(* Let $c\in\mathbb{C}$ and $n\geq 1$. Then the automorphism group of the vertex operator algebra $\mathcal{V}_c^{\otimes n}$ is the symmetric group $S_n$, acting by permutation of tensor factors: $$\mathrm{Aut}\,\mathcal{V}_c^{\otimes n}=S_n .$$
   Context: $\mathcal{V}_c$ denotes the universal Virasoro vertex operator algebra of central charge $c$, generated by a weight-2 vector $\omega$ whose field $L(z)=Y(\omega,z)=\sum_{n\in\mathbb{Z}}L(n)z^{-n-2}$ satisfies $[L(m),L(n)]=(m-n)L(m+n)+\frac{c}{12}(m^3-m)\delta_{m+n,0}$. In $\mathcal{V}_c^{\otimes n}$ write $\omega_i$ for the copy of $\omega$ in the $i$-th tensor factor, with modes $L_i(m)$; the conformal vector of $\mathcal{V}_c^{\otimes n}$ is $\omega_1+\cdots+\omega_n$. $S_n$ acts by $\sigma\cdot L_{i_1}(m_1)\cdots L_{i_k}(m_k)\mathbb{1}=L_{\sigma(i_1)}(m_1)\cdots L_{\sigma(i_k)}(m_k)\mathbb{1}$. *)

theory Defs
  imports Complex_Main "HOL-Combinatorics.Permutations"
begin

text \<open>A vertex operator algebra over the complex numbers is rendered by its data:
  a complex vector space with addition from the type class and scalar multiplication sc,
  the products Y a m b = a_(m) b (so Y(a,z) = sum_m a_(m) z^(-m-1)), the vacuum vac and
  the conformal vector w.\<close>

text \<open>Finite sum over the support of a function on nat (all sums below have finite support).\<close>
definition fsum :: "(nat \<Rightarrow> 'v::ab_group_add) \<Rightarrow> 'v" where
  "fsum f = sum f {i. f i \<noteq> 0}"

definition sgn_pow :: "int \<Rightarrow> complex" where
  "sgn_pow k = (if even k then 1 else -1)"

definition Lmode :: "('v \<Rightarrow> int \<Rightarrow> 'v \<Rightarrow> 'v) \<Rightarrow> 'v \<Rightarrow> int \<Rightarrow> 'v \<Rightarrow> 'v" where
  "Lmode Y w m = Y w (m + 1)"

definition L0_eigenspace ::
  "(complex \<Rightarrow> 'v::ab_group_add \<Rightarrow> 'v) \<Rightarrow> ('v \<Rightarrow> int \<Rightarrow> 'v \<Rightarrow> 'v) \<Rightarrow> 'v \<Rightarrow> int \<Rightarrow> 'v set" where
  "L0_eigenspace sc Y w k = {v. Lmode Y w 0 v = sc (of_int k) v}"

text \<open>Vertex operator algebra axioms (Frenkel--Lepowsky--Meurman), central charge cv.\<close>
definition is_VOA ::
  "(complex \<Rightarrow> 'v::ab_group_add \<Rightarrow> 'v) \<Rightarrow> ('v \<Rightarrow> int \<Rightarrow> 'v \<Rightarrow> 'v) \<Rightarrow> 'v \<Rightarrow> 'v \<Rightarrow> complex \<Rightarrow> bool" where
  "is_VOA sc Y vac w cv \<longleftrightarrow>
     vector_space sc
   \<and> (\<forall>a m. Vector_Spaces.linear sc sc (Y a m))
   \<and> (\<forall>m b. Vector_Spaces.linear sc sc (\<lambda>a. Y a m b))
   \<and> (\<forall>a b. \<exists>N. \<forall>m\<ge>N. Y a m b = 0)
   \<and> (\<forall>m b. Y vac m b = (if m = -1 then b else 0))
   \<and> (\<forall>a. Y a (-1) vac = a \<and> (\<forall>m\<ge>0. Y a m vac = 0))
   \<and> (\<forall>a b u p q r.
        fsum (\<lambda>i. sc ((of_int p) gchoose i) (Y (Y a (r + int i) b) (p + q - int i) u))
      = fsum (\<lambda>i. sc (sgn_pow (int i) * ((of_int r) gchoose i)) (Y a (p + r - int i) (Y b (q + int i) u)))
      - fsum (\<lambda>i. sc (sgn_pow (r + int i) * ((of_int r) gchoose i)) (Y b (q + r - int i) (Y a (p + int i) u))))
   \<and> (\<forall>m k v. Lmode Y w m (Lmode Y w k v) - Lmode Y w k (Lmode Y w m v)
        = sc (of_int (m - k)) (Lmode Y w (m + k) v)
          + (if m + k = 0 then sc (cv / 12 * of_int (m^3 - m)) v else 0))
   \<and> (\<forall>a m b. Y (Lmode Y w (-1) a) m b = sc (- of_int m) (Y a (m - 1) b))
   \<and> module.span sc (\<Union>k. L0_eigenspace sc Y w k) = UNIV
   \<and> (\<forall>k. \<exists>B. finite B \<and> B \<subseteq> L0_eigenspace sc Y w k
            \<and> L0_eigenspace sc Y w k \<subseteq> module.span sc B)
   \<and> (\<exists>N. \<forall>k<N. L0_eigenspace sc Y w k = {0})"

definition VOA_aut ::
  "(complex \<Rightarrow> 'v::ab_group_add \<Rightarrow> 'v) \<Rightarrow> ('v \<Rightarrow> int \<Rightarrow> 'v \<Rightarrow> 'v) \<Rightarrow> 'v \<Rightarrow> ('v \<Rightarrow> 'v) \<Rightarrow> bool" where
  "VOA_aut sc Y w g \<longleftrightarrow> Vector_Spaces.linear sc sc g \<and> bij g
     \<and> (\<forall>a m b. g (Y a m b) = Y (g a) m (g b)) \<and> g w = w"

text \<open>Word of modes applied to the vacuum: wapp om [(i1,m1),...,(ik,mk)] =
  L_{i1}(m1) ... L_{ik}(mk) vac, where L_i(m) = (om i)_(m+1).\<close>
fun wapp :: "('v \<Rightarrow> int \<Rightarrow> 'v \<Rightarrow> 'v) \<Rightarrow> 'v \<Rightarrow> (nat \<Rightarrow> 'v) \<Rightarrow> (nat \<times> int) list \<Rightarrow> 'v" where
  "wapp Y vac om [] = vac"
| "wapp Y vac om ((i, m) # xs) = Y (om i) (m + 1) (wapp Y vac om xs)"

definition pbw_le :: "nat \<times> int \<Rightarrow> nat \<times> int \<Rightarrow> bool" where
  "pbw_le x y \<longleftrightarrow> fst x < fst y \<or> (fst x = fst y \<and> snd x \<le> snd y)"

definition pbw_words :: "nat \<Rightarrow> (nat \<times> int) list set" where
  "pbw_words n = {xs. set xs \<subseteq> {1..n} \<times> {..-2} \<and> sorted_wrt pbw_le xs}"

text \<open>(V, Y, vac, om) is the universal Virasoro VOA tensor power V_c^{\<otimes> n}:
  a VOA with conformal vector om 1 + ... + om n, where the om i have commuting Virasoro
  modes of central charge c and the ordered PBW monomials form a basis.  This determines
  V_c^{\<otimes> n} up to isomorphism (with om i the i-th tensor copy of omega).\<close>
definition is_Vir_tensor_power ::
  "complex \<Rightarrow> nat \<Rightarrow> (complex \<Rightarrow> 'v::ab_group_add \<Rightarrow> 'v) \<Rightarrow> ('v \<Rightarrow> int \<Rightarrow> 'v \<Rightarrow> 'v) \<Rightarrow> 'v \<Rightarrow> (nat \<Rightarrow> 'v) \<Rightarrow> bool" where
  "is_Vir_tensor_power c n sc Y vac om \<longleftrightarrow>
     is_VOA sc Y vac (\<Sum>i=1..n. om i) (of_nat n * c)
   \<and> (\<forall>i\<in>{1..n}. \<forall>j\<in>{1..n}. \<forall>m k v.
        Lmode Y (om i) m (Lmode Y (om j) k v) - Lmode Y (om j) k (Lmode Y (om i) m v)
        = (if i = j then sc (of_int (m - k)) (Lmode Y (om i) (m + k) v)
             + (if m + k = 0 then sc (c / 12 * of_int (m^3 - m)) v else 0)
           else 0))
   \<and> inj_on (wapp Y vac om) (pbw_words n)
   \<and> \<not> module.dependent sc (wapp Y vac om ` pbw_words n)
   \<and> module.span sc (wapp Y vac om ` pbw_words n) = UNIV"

------------

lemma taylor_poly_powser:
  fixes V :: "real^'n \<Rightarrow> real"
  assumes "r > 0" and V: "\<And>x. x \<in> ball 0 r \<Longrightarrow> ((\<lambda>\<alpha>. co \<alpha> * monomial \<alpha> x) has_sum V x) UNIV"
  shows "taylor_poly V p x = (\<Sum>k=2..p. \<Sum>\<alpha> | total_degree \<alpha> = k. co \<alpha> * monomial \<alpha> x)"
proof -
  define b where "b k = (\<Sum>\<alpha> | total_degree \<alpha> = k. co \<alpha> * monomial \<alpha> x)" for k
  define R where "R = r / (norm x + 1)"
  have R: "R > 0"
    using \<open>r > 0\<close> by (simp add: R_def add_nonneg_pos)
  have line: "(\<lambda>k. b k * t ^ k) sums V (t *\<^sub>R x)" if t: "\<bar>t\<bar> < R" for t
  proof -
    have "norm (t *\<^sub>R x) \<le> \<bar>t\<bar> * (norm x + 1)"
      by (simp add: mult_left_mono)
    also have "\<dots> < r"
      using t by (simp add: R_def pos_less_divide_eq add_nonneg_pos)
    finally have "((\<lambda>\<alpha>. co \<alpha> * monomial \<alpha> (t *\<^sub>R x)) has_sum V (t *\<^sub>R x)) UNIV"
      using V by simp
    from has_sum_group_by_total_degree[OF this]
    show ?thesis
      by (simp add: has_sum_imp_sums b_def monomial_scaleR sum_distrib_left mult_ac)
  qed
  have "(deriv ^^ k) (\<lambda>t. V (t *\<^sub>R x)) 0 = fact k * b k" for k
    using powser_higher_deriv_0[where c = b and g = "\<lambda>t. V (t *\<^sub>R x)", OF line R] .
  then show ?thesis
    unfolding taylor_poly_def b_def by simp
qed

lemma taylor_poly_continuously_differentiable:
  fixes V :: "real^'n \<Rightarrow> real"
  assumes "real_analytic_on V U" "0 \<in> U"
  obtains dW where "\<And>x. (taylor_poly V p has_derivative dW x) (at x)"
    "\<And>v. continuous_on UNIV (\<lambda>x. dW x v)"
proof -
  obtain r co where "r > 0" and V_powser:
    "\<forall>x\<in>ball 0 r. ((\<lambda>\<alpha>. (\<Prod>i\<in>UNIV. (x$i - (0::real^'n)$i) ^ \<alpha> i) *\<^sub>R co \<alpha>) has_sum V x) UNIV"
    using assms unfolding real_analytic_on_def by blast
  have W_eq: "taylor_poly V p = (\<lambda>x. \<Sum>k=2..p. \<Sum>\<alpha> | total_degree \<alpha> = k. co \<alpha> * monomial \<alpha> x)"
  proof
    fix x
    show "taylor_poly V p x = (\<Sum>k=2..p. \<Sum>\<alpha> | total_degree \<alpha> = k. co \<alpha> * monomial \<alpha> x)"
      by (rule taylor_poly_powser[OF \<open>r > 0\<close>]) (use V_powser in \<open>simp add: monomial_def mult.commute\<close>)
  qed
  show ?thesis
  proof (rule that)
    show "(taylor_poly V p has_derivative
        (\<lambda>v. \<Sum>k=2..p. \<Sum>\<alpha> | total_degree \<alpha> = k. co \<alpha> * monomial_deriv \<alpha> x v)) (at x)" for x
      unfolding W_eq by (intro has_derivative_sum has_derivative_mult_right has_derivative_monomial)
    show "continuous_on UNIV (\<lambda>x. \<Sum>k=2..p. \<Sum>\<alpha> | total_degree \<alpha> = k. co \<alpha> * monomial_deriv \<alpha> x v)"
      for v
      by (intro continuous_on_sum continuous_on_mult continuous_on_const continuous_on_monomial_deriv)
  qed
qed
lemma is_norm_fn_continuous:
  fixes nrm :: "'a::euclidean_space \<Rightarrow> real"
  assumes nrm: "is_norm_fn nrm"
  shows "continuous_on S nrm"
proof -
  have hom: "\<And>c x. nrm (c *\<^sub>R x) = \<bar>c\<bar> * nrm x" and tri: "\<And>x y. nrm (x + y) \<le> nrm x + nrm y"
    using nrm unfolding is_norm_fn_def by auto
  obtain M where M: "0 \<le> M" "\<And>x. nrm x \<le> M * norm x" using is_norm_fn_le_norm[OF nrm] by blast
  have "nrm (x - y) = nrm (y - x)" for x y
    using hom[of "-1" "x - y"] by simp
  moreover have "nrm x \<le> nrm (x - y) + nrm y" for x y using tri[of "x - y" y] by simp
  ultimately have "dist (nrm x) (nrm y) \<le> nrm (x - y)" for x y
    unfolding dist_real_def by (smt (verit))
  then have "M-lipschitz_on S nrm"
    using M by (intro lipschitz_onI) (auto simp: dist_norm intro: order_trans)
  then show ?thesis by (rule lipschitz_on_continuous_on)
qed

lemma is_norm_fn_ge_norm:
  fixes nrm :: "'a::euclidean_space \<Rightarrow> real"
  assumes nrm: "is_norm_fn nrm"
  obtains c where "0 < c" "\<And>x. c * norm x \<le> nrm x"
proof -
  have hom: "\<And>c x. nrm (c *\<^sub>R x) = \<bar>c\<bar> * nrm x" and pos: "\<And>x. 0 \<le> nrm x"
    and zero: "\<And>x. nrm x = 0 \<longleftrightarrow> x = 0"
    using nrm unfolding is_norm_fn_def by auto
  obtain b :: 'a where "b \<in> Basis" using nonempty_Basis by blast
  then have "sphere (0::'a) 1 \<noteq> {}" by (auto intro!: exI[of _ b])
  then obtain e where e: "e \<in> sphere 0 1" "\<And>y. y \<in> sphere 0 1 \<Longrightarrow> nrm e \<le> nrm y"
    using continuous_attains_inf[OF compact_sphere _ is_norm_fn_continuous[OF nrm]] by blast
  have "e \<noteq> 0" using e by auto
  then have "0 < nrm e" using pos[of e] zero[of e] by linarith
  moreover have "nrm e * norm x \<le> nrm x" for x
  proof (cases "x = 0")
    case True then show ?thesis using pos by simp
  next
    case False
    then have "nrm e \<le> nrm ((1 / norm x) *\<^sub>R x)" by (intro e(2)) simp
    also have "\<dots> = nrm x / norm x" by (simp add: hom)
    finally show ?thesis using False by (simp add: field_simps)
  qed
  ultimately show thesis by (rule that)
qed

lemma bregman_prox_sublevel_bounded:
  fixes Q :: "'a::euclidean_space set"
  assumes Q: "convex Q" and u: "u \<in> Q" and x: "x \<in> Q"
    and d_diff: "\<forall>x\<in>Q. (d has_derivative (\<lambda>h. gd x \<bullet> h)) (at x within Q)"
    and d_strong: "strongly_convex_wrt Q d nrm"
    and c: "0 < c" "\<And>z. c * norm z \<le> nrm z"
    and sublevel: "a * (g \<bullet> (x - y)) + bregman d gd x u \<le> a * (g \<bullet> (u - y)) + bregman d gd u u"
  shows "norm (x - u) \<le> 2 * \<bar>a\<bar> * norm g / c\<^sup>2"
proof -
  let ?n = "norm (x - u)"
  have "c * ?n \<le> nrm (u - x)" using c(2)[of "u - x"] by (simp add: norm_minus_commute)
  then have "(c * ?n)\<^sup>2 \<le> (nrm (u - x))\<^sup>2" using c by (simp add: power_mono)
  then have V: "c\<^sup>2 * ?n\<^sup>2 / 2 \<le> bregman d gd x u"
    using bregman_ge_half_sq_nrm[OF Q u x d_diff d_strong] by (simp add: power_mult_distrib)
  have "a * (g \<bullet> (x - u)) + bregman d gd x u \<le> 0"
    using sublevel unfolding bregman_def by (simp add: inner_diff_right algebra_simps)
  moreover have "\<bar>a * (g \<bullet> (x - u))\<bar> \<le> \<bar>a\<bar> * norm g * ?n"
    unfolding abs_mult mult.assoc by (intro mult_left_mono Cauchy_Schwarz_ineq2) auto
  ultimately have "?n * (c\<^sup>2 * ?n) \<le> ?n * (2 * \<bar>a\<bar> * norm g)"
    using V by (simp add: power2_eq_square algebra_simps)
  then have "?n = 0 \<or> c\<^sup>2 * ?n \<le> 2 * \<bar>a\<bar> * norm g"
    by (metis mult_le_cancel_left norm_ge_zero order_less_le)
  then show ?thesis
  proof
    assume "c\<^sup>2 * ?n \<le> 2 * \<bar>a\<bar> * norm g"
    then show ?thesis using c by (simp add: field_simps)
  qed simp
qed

------------

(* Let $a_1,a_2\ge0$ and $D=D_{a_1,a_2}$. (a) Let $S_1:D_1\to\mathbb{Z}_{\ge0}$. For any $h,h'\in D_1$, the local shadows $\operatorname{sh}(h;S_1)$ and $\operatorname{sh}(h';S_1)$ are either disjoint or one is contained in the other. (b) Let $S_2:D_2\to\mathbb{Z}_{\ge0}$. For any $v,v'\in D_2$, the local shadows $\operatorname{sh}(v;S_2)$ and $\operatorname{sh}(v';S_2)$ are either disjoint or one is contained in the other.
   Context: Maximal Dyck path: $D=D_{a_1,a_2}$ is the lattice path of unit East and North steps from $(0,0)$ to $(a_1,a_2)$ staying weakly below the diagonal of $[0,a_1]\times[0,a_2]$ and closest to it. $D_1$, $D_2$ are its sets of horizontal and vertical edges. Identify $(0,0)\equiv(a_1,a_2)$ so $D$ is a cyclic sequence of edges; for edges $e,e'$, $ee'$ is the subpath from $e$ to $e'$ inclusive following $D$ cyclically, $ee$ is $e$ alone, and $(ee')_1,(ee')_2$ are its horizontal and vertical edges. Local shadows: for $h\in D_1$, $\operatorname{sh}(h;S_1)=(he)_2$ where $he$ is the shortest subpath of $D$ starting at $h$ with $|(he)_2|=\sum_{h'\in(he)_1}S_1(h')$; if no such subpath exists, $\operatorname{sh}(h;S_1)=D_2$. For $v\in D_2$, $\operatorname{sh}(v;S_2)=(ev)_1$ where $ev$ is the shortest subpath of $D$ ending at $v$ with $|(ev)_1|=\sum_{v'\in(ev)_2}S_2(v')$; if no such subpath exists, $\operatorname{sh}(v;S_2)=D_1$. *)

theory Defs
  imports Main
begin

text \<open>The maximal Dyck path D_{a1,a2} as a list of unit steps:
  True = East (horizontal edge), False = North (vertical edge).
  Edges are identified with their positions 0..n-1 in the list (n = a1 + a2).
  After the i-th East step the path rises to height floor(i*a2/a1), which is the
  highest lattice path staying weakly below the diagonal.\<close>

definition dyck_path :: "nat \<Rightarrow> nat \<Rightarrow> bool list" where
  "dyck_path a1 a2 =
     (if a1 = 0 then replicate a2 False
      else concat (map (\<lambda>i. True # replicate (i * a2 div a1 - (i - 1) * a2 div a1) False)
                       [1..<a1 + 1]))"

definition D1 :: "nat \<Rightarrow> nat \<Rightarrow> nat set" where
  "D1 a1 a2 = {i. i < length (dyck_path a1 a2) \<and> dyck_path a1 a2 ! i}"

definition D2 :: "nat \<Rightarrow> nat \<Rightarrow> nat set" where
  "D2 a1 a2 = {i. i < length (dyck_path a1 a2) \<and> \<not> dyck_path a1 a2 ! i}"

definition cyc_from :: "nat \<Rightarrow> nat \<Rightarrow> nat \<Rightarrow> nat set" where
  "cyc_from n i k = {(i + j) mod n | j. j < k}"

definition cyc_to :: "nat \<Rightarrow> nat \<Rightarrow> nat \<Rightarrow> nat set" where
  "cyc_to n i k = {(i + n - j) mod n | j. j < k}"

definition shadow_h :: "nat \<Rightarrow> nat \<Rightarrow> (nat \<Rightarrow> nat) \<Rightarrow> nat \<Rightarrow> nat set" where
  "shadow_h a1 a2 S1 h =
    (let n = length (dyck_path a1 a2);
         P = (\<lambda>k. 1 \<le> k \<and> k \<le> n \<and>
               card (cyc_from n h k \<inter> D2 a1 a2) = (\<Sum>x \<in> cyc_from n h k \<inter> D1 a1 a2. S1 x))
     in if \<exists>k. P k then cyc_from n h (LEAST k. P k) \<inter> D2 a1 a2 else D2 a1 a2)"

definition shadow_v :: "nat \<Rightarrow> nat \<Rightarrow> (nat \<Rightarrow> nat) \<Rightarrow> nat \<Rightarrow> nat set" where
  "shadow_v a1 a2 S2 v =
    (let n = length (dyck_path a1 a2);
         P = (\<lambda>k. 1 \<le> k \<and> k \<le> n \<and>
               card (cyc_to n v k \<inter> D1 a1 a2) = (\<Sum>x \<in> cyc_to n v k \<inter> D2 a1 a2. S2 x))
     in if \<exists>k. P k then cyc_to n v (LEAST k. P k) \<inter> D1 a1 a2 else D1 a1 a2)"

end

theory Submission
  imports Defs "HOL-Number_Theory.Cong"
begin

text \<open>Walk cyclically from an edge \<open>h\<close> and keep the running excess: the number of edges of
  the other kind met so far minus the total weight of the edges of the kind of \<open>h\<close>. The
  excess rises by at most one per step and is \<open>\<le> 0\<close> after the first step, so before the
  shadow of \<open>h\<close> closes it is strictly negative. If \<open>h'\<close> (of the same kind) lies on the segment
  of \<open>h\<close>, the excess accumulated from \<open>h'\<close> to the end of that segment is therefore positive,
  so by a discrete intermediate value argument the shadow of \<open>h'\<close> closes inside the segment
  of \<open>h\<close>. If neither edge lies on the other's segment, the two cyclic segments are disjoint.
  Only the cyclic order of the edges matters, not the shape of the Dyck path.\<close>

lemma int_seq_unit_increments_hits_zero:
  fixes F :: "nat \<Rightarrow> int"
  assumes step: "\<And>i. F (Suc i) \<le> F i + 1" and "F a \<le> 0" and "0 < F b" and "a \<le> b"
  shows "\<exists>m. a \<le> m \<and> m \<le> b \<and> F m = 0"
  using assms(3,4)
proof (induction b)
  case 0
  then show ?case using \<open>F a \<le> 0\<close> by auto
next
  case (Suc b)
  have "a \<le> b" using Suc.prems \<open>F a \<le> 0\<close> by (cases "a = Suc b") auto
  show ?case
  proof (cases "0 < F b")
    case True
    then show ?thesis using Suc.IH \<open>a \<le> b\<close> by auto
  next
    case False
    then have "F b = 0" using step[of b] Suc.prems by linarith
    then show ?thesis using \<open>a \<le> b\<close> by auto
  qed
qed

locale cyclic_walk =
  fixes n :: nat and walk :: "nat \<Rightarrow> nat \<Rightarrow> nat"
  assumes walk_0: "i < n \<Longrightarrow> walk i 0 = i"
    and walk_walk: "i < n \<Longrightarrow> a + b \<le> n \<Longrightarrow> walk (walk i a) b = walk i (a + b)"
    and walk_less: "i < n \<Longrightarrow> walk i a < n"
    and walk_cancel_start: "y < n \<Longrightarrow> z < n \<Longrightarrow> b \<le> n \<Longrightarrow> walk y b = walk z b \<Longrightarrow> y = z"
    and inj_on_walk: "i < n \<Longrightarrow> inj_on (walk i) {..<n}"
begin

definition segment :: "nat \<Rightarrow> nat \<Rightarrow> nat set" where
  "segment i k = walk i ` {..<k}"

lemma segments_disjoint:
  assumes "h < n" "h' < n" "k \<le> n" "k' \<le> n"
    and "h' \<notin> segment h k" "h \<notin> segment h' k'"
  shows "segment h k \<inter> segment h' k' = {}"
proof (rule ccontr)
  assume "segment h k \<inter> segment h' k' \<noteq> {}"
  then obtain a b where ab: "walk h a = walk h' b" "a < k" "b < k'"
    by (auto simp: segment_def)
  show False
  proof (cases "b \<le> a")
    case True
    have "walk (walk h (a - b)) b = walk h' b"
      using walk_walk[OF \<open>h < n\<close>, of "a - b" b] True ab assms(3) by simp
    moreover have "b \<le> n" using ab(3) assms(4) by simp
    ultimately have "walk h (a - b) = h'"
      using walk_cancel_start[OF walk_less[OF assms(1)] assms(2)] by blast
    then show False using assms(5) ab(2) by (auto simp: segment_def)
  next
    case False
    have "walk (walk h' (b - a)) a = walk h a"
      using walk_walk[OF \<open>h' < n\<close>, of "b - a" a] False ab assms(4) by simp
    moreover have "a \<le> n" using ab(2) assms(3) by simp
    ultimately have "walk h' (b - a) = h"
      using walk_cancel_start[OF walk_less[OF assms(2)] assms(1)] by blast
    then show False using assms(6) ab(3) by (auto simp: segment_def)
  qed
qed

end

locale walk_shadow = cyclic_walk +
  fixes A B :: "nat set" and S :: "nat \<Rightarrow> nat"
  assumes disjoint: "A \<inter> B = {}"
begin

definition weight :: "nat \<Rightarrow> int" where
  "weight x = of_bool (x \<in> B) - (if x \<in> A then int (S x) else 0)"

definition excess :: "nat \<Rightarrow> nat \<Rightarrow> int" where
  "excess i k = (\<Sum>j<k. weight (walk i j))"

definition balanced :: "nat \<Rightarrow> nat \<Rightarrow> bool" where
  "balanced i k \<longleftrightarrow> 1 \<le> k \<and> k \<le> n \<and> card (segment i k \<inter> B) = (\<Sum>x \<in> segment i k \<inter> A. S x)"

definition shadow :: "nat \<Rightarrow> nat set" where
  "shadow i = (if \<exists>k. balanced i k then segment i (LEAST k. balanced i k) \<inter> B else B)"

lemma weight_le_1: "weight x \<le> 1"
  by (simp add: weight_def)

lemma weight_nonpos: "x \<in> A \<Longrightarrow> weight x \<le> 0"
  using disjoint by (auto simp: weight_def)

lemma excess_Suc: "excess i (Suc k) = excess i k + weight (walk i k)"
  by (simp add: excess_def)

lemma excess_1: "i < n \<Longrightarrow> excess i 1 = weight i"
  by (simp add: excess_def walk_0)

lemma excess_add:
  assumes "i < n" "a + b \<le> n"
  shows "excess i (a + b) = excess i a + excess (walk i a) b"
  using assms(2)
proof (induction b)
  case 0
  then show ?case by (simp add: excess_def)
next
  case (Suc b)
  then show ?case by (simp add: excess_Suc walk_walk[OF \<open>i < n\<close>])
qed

------------

> [What is needed]
In the material above, find each line that contains the word "prems", and select it.

> [Written solution]
  have "a \<le> b" using Suc.prems \<open>F a \<le> 0\<close> by (cases "a = Suc b") auto
    then have "F b = 0" using step[of b] Suc.prems by linarith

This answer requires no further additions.